We are now ready to code the class to represent a deck of cards.

The FrenchDeck Class

I’ll call the class for a collection of cards FrenchDeck, since that is the formal name of the set of 52 cards with 4 suits, used not only in France, but in most of the Western world. Its code is short but it does a lot, as you’ll soon see.

class FrenchDeck:
    ranks = [str(n) for n in range(2, 11)] + list('JQKA')
    suits = 'spades diamonds clubs hearts'.split()

    def __init__(self):
        self._cards = [Card(rank, suit) for suit in self.suits
                                        for rank in self.ranks]

    def __len__(self):
        return len(self._cards)

    def __getitem__(self, position):
        return self._cards[position]

The trickiest part is the use of a list comprehension in the initializer to build a list of cards by computing the Cartesian product of the lists of suits and ranks. The logic of that list comprehension is explained in Chapter 2 of Fluent Python, but right now we want to focus on the external behavior of the class, not its implementation, so please believe that self._cards holds a list of 52 Card instances.

deck = FrenchDeck()

len(deck)

The len built-in function knows how to handle a FrenchDeck because we implemented the __len__ special method. This is consistent with how built-in collections work, and saves the user from memorizing arbitrary method names for common operations (“How to get the number of items? Is it .length(), .size() or what?”).

The __getitem__ special method supports the use of [] and provides a lot of functionality.

We can get any card by index, as usual. For example, first and last:

deck[0], deck[-1]

We can also use slice notation to retrieve a subset of the cards:

deck[:3]

Here’s how to use the the third parameter of a slice to get just the aces in the deck by starting at card index 12 and skipping 13 cards from that point onwards.

deck[12::13]

The in operator also works with our FrenchDeck instances. This behavior can be optimized by implementing a __contains__ method, but if you provide a __getitem__ method, Python is smart enough to scan the collection from item 0 to the end.

Card('Q', 'hearts') in deck

Card('Z', 'clubs') in deck

Iteration

Our card decks are also iterable. Implementing an __iter__ method to return a custom iterator is the optimal way to achieve this. But, as a fallback, Python knows how to iterate over any collection that implements __getitem__ and accepts integer indexes starting at 0:

for card in deck:
    print(card)

By supporting iteration, we can leverage many functions in the standard library that work with iterables, like enumerate(), reversed(), as well as the constructor for list and several other collection types.

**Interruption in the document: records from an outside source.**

(* Let $(\alpha^{(n)},\omega^{(n)},\beta^{(n)})$ be a sequence of feasible endpoint constraints converging componentwise to a feasible constraint $(\alpha,\omega,\beta)$ with $0<\beta<\infty$. Then $$\liminf_{n\to\infty}\mathcal{J}(\alpha^{(n)},\omega^{(n)},\beta^{(n)})\ge\mathcal{J}(\alpha,\omega,\beta).$$
   Context: Fix $I\ge0$. $S_I=\{\gamma\in\mathbb{R}^{I+2}:\gamma_j\ge0,\sum\gamma_j=1\}$. An endpoint constraint is $(\alpha,\omega,\beta)$ with $\alpha,\omega\in S_I$ (components $\alpha_0,\dots,\alpha_{I+1}$ with $\alpha_0>0$, and $\omega_0,\dots,\omega_I,\omega_{I+}$), $\beta>0$; it is feasible iff $\sum_{j\le i}\alpha_j\ge\sum_{j\le i}\omega_j$ ($i=0,\dots,I$) and $\sum_{i=0}^Ii\omega_i+(I+1)\omega_{I+}\le\sum_{k=0}^{I+1}k\alpha_k+\beta$. With $\mathcal{K}=\{k:\alpha_k>0\}$, $\mathcal{J}(\alpha,\omega,\beta)$ is the minimum of $\sum_{k\in\mathcal{K}}\alpha_kD(\pi_{(k)}\|\mathcal{P}(\beta))$ over tuples $(\pi_{(k)})_{k\in\mathcal{K}}$ of probability distributions on the nonnegative integers satisfying $\sum_{k\in\mathcal{K}}\alpha_k\sum_jj\pi_{k,j}=\beta$ and $\omega_i=\sum_{k\le i,k\in\mathcal{K}}\alpha_k\pi_{k,i-k}$ for $0\le i\le I$, if $(\alpha,\omega,\beta)$ is feasible, and $\infty$ otherwise. $\mathcal{P}(\beta)$ is the Poisson distribution with mean $\beta$ and $D$ is relative entropy. *)

theory Defs
  imports "HOL-Analysis.Analysis"
begin

text \<open>Vectors in R^{I+2} are represented as functions nat => real; only the
  components with index 0..I+1 matter. For omega, index I+1 is omega_{I+}.\<close>

definition simplexI :: "nat \<Rightarrow> (nat \<Rightarrow> real) \<Rightarrow> bool" where
  "simplexI I g \<longleftrightarrow> (\<forall>j\<le>I+1. g j \<ge> 0) \<and> (\<Sum>j\<le>I+1. g j) = 1"

definition feasible :: "nat \<Rightarrow> (nat \<Rightarrow> real) \<Rightarrow> (nat \<Rightarrow> real) \<Rightarrow> real \<Rightarrow> bool" where
  "feasible I \<alpha> \<omega> \<beta> \<longleftrightarrow>
     simplexI I \<alpha> \<and> simplexI I \<omega> \<and> \<alpha> 0 > 0 \<and> \<beta> > 0 \<and>
     (\<forall>i\<le>I. (\<Sum>j\<le>i. \<alpha> j) \<ge> (\<Sum>j\<le>i. \<omega> j)) \<and>
     (\<Sum>i\<le>I. real i * \<omega> i) + real (I+1) * \<omega> (I+1)
        \<le> (\<Sum>k\<le>I+1. real k * \<alpha> k) + \<beta>"

definition poisson :: "real \<Rightarrow> nat \<Rightarrow> real" where
  "poisson \<beta> j = exp (- \<beta>) * \<beta> ^ j / fact j"

definition prob_dist :: "(nat \<Rightarrow> real) \<Rightarrow> bool" where
  "prob_dist p \<longleftrightarrow> (\<forall>j. p j \<ge> 0) \<and> p sums 1"

text \<open>Relative entropy D(p || q) = sum_j p_j ln(p_j/q_j), with 0 ln 0 = 0;
  equal to infinity when the series does not converge (its negative part
  always converges, so divergence means divergence to +infinity).\<close>
definition relent :: "(nat \<Rightarrow> real) \<Rightarrow> (nat \<Rightarrow> real) \<Rightarrow> ereal" where
  "relent p q = (let f = (\<lambda>j. if p j = 0 then 0 else p j * ln (p j / q j))
                 in if summable f then ereal (suminf f) else \<infinity>)"

definition Jfun :: "nat \<Rightarrow> (nat \<Rightarrow> real) \<Rightarrow> (nat \<Rightarrow> real) \<Rightarrow> real \<Rightarrow> ereal" where
  "Jfun I \<alpha> \<omega> \<beta> =
    (if feasible I \<alpha> \<omega> \<beta> then
       (let K = {k. k \<le> I+1 \<and> \<alpha> k > 0} in
        Inf { (\<Sum>k\<in>K. ereal (\<alpha> k) * relent (\<pi> k) (poisson \<beta>)) | \<pi> :: nat \<Rightarrow> nat \<Rightarrow> real.
              (\<forall>k\<in>K. prob_dist (\<pi> k) \<and> summable (\<lambda>j. real j * \<pi> k j)) \<and>
              (\<Sum>k\<in>K. \<alpha> k * (\<Sum>j. real j * \<pi> k j)) = \<beta> \<and>
              (\<forall>i\<le>I. \<omega> i = (\<Sum>k\<in>{k\<in>K. k \<le> i}. \<alpha> k * \<pi> k (i - k))) })
     else \<infinity>)"

end

theory Submission
  imports Defs "HOL-Library.Diagonal_Subsequence" "HOL-Real_Asymp.Real_Asymp"
begin

text \<open>Suppose infinitely many of the values \<open>Jfun I (\<alpha>s n) (\<omega>s n) (\<beta>s n)\<close> are below \<open>L\<close>, and pick
  plans of cost below \<open>L\<close> for them. Plans take values in \<open>[0, 1]\<close>, so a diagonal argument makes
  them converge pointwise along a subsequence, and the limit plan is admissible for
  \<open>(\<alpha>, \<omega>, \<beta>)\<close>: the \<open>\<omega>\<close>-constraints are finite sums; the bound \<open>\<alpha>\<^sub>k m\<^sub>k \<le> \<beta>\<close> on the
  means makes the plans tight, so no mass is lost; and the entropy bound makes \<open>j\<close> uniformly
  integrable (through \<open>p t j \<le> p ln(p/q) - p + q e\<^sup>t\<^sup>j\<close> and the exponential moments of Poisson
  laws), so the mean constraint survives. Writing relative entropy as a series of nonnegative
  terms makes it lower semicontinuous, so the limit plan costs at most \<open>L\<close>, and
  \<open>Jfun I \<alpha> \<omega> \<beta> \<le> L\<close>.\<close>

section \<open>Relative entropy as a series of nonnegative terms\<close>

definition relent_term :: "real \<Rightarrow> real \<Rightarrow> real" where
  "relent_term p q = (if p = 0 then 0 else p * ln (p / q))"

text \<open>Unlike \<open>relent_term\<close>, these terms are nonnegative; for probability vectors they still sum
  to \<open>D(p||q)\<close>.\<close>
definition relent_gap :: "real \<Rightarrow> real \<Rightarrow> real" where
  "relent_gap p q = relent_term p q - p + q"

lemma relent_eq_relent_term:
  "relent p q = (if summable (\<lambda>j. relent_term (p j) (q j))
                 then ereal (\<Sum>j. relent_term (p j) (q j)) else \<infinity>)"
  unfolding relent_def relent_term_def Let_def by simp

lemma relent_term_eq_diff_ln:
  assumes "0 \<le> p" "0 < q"
  shows "relent_term p q = p * ln p - p * ln q"
  using assms by (cases "p = 0") (auto simp: relent_term_def ln_div algebra_simps)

list(enumerate(reversed(deck), 1))

Another powerful function that works with iterables is sorted. It builds a sorted list from iterables that generate a series of comparable values.

sorted(deck)

We can define custom sorting criteria by implementing a function to produce a key from each item in the series, and passing it as the key= argument to sorted. Here is a function that implements the “spades high” ordering, where cards are sorted by rank, and within each rank, spades is the highest suit, followed by hearts, diamonds, and clubs:

def spades_high(card):
    rank_value = FrenchDeck.ranks.index(card.rank)
    return (rank_value, card.suit)

As written, spades_high produces the highest key value for the Ace of spades and the lowest for the 2 of clubs:

spades_high(Card('A', 'spades')), spades_high(Card('2', 'clubs'))

sorted(deck, key=spades_high)

Shuffling and Item Assignment

The standard library provides many functions that operate on sequences. For example, picking a random item is as simple as this:

import random
random.choice(deck)

This is a live notebook, so each time you run the code above, the random choice will be computed again, producing different results.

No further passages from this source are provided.